(Data provided):
(* Let $\alpha_1\in\mathbb{R}$ with $\sin\alpha_1\neq 0$, and consider the system on the cylinder $\{(\theta,\tilde\rho):\theta\in\mathbb{R}/2\pi\mathbb{Z},\ \tilde\rho>0\}$ \[ \theta' = \frac{1}{\tilde\rho}\bigl(1+\sin\theta\bigr)-2\sin\alpha_1,\qquad \tilde\rho' = -\cos\theta . \] Then every solution trajectory of this system (a) has the conserved quantity $E(\theta,\tilde\rho)=\tilde\rho\,(1+\sin\theta)-\tilde\rho^{2}\sin\alpha_1$, and (b) is a periodic orbit.
   Context: This planar system describes the relative state of a single "branch" agent that pursues agent 1 of a cycle of constant-bearing pursuit agents moving on a circling equilibrium, when the branch agent uses constant-bearing angle $\pi/2$; $\theta=\theta_{1n}$ is an angle (taken modulo $2\pi$), $\tilde\rho=\tilde\rho_{n1}$ a normalized distance, and the prime denotes differentiation with respect to a rescaled time $\tau$. *)

theory Defs
  imports Complex_Main
begin

text \<open>A solution trajectory of the branch-agent system on the cylinder, with theta
  represented by a real lift (angle modulo 2 pi) and rho > 0, defined for all times tau.\<close>
definition branch_solution :: "real \<Rightarrow> (real \<Rightarrow> real) \<Rightarrow> (real \<Rightarrow> real) \<Rightarrow> bool" where
  "branch_solution \<alpha> \<theta> \<rho> \<longleftrightarrow>
     (\<forall>t. \<rho> t > 0) \<and>
     (\<forall>t. (\<theta> has_real_derivative ((1 + sin (\<theta> t)) / \<rho> t - 2 * sin \<alpha>)) (at t)) \<and>
     (\<forall>t. (\<rho> has_real_derivative (- cos (\<theta> t))) (at t))"

definition branch_energy :: "real \<Rightarrow> real \<Rightarrow> real \<Rightarrow> real" where
  "branch_energy \<alpha> th r = r * (1 + sin th) - r\<^sup>2 * sin \<alpha>"

text \<open>Periodic orbit on the cylinder R/2piZ x (0,oo): after some period T > 0 the
  state returns, theta up to a multiple of 2 pi (equilibria count as well).\<close>
definition periodic_on_cylinder :: "(real \<Rightarrow> real) \<Rightarrow> (real \<Rightarrow> real) \<Rightarrow> bool" where
  "periodic_on_cylinder \<theta> \<rho> \<longleftrightarrow>
     (\<exists>T>0. \<exists>k::int. \<forall>t. \<rho> (t + T) = \<rho> t \<and> \<theta> (t + T) = \<theta> t + 2 * pi * of_int k)"
text \<open>By continuity of \<open>x\<close> the trigger cannot fire immediately: this excludes Zeno behaviour.\<close>

lemma tau_less_trigger_time:
  assumes "0 \<le> \<tau> i" shows "\<tau> i < trigger_time i"
proof (cases "x (\<tau> i) = 0 \<or> trigger_set i = {}")
  case True then show ?thesis using T_pos by (auto simp: trigger_time_def)
next
  case False
  then have nz: "x (\<tau> i) \<noteq> 0" and ne: "trigger_set i \<noteq> {}" by auto
  define e where "e = norm (x (\<tau> i)) * (trigger_level i - 1)"
  have "0 < e" using nz trigger_level_gt_1[of i] by (simp add: e_def)
  then obtain d where "0 < d"
    and d: "\<forall>t\<in>{0..}. dist t (\<tau> i) < d \<longrightarrow> dist (x t) (x (\<tau> i)) < e"
    using x_continuous assms unfolding continuous_on_iff by (metis atLeast_iff)
  have "\<tau> i + d \<le> t" if t: "t \<in> trigger_set i" for t
  proof (rule ccontr)
    assume "\<not> \<tau> i + d \<le> t"
    with t assms have "dist (x t) (x (\<tau> i)) < e"
      by (intro d[rule_format]) (auto simp: trigger_set_def dist_real_def)
    moreover have "norm (x t) \<le> norm (x (\<tau> i)) + dist (x t) (x (\<tau> i))"
      by (metis dist_commute dist_norm norm_triangle_sub add.commute)
    ultimately show False using t by (simp add: trigger_set_def e_def algebra_simps)
  qed
  then have "\<tau> i + d \<le> Inf (trigger_set i)" using ne by (intro cInf_greatest) auto
  then show ?thesis using False \<open>0 < d\<close> T_pos by (simp add: trigger_time_def)
qed

lemma tau_nonneg_less: "0 \<le> \<tau> i \<and> \<tau> i < \<tau> (Suc i)"
proof (induct i)
  case 0
  then show ?case using tau_less_trigger_time[of 0] tau_Suc[of 0] tau_0 T_pos by simp
next
  case (Suc i)
  then show ?case using tau_less_trigger_time[of "Suc i"] tau_Suc[of "Suc i"] T_pos by simp
qed

lemma tau_nonneg: "0 \<le> \<tau> i" and tau_less_Suc: "\<tau> i < \<tau> (Suc i)"
  using tau_nonneg_less by auto

lemma tau_Suc_le: "\<tau> (Suc i) \<le> \<tau> i + T"
  using tau_Suc by simp

lemma strict_mono_tau: "strict_mono \<tau>"
  using tau_less_Suc by (simp add: strict_mono_Suc_iff)

lemma tau_1_le: "\<tau> 1 \<le> T"
  using tau_Suc_le[of 0] tau_0 by simp

lemma event_interval:
  assumes "0 \<le> t" obtains i where "\<tau> i \<le> t" "t < \<tau> (Suc i)"
proof -
  obtain n where "t < \<tau> n"
    using tau_tendsto unfolding filterlim_at_top_dense eventually_sequentially by blast
  then have ex: "\<exists>n. t < \<tau> n" ..
  define n0 where "n0 = (LEAST n. t < \<tau> n)"
  have n0: "t < \<tau> n0" unfolding n0_def by (rule LeastI_ex[OF ex])
  then obtain i where i: "n0 = Suc i" using tau_0 assms by (cases n0) auto
  then have "\<not> t < \<tau> i" using not_less_Least[of i "\<lambda>n. t < \<tau> n"] unfolding n0_def by simp
  with n0 i show ?thesis by (intro that[of i]) simp_all
qed

lemma strictly_between_events:
  assumes "r < \<tau> (Suc i)" "0 \<le> r" "r \<notin> \<tau> ` {..i}"
  obtains j where "j \<le> i" "\<tau> j < r" "r < \<tau> (Suc j)"
proof -
  obtain j where j: "\<tau> j \<le> r" "r < \<tau> (Suc j)" using event_interval[OF assms(2)] by blast
  then have "j \<le> i" using assms(1) strict_mono_less[OF strict_mono_tau, of j "Suc i"] by linarith
  with j assms(3) show ?thesis using that by (auto simp: le_less)
qed

lemma x_has_derivative_between_events:
  assumes "\<tau> i < r" "r < \<tau> (Suc i)"
  shows "(x has_vector_derivative Apar A C \<theta> *v x r + B *v u r) (at r)"
proof -
  have "at r within {\<tau> i..\<tau> (Suc i)} = at r"
    by (rule at_within_interior) (use assms in auto)
  with on_event_interval(3)[of r i] assms show ?thesis by simp
qed

lemma x_has_closed_loop_derivative:
  assumes "\<tau> i < r" "r < \<tau> (Suc i)"
  shows "(x has_vector_derivative closed_loop_matrix i *v x r) (at r)"
proof -
  have "u r = K (th (\<tau> i)) *v x r" using assms by (intro on_event_interval(1)) simp
  then have "Apar A C \<theta> *v x r + B *v u r = closed_loop_matrix i *v x r"
    by (simp add: closed_loop_matrix_def matrix_vector_mult_add_rdistrib
        matrix_vector_mul_assoc)
  with x_has_derivative_between_events[OF assms] show ?thesis by simp
qed

lemma x_on_interval:
  assumes "t \<in> {\<tau> i..\<tau> (Suc i)}"
  shows "x t = mat_exp ((t - \<tau> i) *\<^sub>R closed_loop_matrix i) *v x (\<tau> i)"
proof (rule linear_ode_solution[of "{}"])
  show "continuous_on {\<tau> i..t} x"
    by (rule continuous_on_subset[OF x_continuous]) (use tau_nonneg[of i] in auto)
qed (use assms in \<open>auto intro: x_has_closed_loop_derivative\<close>)

lemma norm_x_le_trigger_level:
  assumes "x (\<tau> i) \<noteq> 0" and t: "t \<in> {\<tau> i..\<tau> (Suc i)}"
  shows "norm (x t) \<le> norm (x (\<tau> i)) * trigger_level i"
proof (rule ccontr)
  assume exceeds: "\<not> ?thesis"
  have below: "norm (x (\<tau> i)) < norm (x (\<tau> i)) * trigger_level i"
    using assms trigger_level_gt_1[of i] by simp
  have "continuous_on {\<tau> i..t} (\<lambda>s. norm (x s))"
    by (intro continuous_on_norm continuous_on_subset[OF x_continuous]) (use tau_nonneg[of i] in auto)
  moreover have "\<tau> i \<le> t" using t by simp
  ultimately obtain s where s: "\<tau> i \<le> s" "s \<le> t" "norm (x s) = norm (x (\<tau> i)) * trigger_level i"
    using IVT'[of "\<lambda>s. norm (x s)" "\<tau> i" _ t] below exceeds by (metis less_eq_real_def not_le)
  moreover from s below exceeds have "s \<noteq> \<tau> i" "s \<noteq> t" by auto
  ultimately have "s \<in> trigger_set i" "s < t" by (auto simp: trigger_set_def)
  moreover have "bdd_below (trigger_set i)"
    unfolding bdd_below_def trigger_set_def by (rule exI[of _ "\<tau> i"]) auto
  ultimately have "\<tau> (Suc i) \<le> s"
    using cInf_lower[of s "trigger_set i"] assms(1) tau_Suc[of i] by (auto simp: trigger_time_def)
  with \<open>s < t\<close> t show False by simp
qed

lemma x_eq_0_if_x0_eq_0:
  assumes "x0 = 0" "0 \<le> t" shows "x t = 0"
proof -
  have x_tau: "x (\<tau> i) = 0" for i
  proof (induct i)
    case 0 then show ?case using assms x_0 tau_0 by simp
  next
    case (Suc i) then show ?case
      using x_on_interval[of "\<tau> (Suc i)" i] tau_less_Suc[of i] by simp
  qed
  obtain i where "\<tau> i \<le> t" "t < \<tau> (Suc i)" using event_interval[OF assms(2)] .
  then show ?thesis using x_on_interval[of t i] x_tau by simp
qed

lemma u_integrable: assumes "0 \<le> t" shows "u integrable_on {0..t}"
proof -
  have u_int: "u integrable_on {0..\<tau> i}" for i
  proof (induct i)
    case 0 then show ?case using integrable_on_refl[of u 0] by (simp add: tau_0 cbox_interval)
  next
    case (Suc i)
    have "continuous_on {\<tau> i..\<tau> (Suc i)} (\<lambda>s. K (th (\<tau> i)) *v x s)"
      by (intro bounded_linear.continuous_on[OF matrix_vector_mul_bounded_linear]
          continuous_on_subset[OF x_continuous]) (use tau_nonneg[of i] in auto)
    then have "u integrable_on {\<tau> i..\<tau> (Suc i)}"
      by (intro integrable_spike_finite[of "{\<tau> (Suc i)}" _ u, OF _ _ integrable_continuous_interval])
         (auto simp: on_event_interval(1))
    with Suc show ?case
      by (rule Henstock_Kurzweil_Integration.integrable_combine[OF tau_nonneg
          less_imp_le[OF tau_less_Suc]])
  qed
  obtain i where "t < \<tau> (Suc i)" using event_interval[OF assms] .
  then have "{0..t} \<subseteq> {0..\<tau> (Suc i)}" by auto
  then show ?thesis by (rule integrable_on_subinterval[OF u_int])
qed

lemma x_eq_integral:
  assumes "0 \<le> t" shows "x t - x0 = Apar A C \<theta> *v z_aux t + B *v w_aux t"
proof -
  obtain i where i: "\<tau> i \<le> t" "t < \<tau> (Suc i)" using event_interval[OF assms] .
  have "((\<lambda>s. Apar A C \<theta> *v x s + B *v u s) has_integral (x t - x 0)) {0..t}"
  proof (rule fundamental_theorem_of_calculus_interior_strong[of "\<tau> ` {..i}"])
    fix r assume r: "r \<in> {0<..<t} - \<tau> ` {..i}"
    then obtain j where "\<tau> j < r" "r < \<tau> (Suc j)"
      using strictly_between_events[of r i] i by auto
    then show "(x has_vector_derivative Apar A C \<theta> *v x r + B *v u r) (at r)"
      by (rule x_has_derivative_between_events)
  next
    show "continuous_on {0..t} x" by (rule continuous_on_subset[OF x_continuous]) auto
  qed (use assms in auto)
  moreover have "x integrable_on {0..t}"
    by (rule integrable_continuous_interval, rule continuous_on_subset[OF x_continuous]) auto
  then have "((\<lambda>s. Apar A C \<theta> *v x s + B *v u s) has_integral
      (Apar A C \<theta> *v z_aux t + B *v w_aux t)) {0..t}"
    unfolding z_aux_def w_aux_def
    by (intro has_integral_add has_integral_linear[OF _ matrix_vector_mul_bounded_linear, unfolded o_def]
        integrable_integral u_integrable assms)
  ultimately show ?thesis using has_integral_unique x_0 by simp
qed

lemma y_aux_diff:
  assumes "0 \<le> t" "0 \<le> s"
  shows "y_aux t - y_aux s = Lmap C (z_aux t - z_aux s) *v \<theta>"
proof -
  have "y_aux t = x0 + (\<Sum>k\<in>UNIV. (\<theta> $ k) *\<^sub>R C k) *v z_aux t" if "0 \<le> t" for t
    using x_eq_integral[OF that] unfolding y_aux_def Apar_def
    by (simp add: matrix_vector_mult_add_rdistrib algebra_simps)
  then show ?thesis using assms by (simp add: Lmap_mult_vec matrix_vector_mult_diff_distrib)
qed

lemma z_aux_0: "z_aux 0 = 0"
  by (simp add: z_aux_def)

lemma z_aux_continuous: "continuous_on {0..b} z_aux"
proof -
  have "x integrable_on {0..b}"
    by (rule integrable_continuous_interval, rule continuous_on_subset[OF x_continuous]) auto
  then show ?thesis unfolding z_aux_def[abs_def] by (rule indefinite_integral_continuous_1)
qed

lemma Gram_integrand_continuous:
  assumes "0 \<le> m"
  shows "continuous_on ({m..t} \<times> {m..t})
    (\<lambda>(p, q). transpose (Lmap C (z_aux p - z_aux q)) ** Lmap C (z_aux p - z_aux q))"
proof -
  have "continuous_on ({m..t} \<times> {m..t}) (\<lambda>pq. z_aux (fst pq) - z_aux (snd pq))"
    by (intro continuous_on_diff continuous_on_compose2[OF z_aux_continuous[of t]]
        continuous_on_fst continuous_on_snd) (use assms in auto)
  then have "continuous_on ({m..t} \<times> {m..t}) (\<lambda>pq. Lmap C (z_aux (fst pq) - z_aux (snd pq)))"
    by (rule bounded_linear.continuous_on[OF bounded_linear_Lmap])
  then show ?thesis
    unfolding case_prod_unfold matrix_matrix_mult_def transpose_def by (intro continuous_intros)
qed

lemma qfun_eq_Qfun_theta:
  assumes "0 \<le> m" shows "qfun C z_aux y_aux t m = Qfun C z_aux t m *v \<theta>"
proof -
  have "qfun C z_aux y_aux t m = integral {m..t} (\<lambda>p. integral {m..t} (\<lambda>q.
      (transpose (Lmap C (z_aux p - z_aux q)) ** Lmap C (z_aux p - z_aux q)) *v \<theta>))"
    unfolding qfun_def
    by (intro integral_cong) (use assms in \<open>simp add: y_aux_diff matrix_vector_mul_assoc\<close>)
  also have "\<dots> = Qfun C z_aux t m *v \<theta>"
    unfolding Qfun_def
    by (rule integral_integral_bounded_linear[OF bounded_linear_matrix_vector_mult_left
          Gram_integrand_continuous[OF assms]])
  finally show ?thesis .
qed

lemma window_start_nonneg: "0 \<le> window_start i"
proof -
  have "T \<le> real N * T" using N_ge_1 T_pos by simp
  then have "i \<in> {j. j \<le> i \<and> \<tau> (Suc i) - real N * T \<le> \<tau> j}" using tau_Suc_le[of i] by simp
  then have "window_start i \<in> \<tau> ` {j. j \<le> i \<and> \<tau> (Suc i) - real N * T \<le> \<tau> j}"
    unfolding window_start_def by (intro Min_in) auto
  then show ?thesis using tau_nonneg by auto
qed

(Work instruction):
Only the lines with the string "longleftrightarrow" are wanted; pick them out of the records above and copy them.

(Output below):
  "branch_solution \<alpha> \<theta> \<rho> \<longleftrightarrow>
  "periodic_on_cylinder \<theta> \<rho> \<longleftrightarrow>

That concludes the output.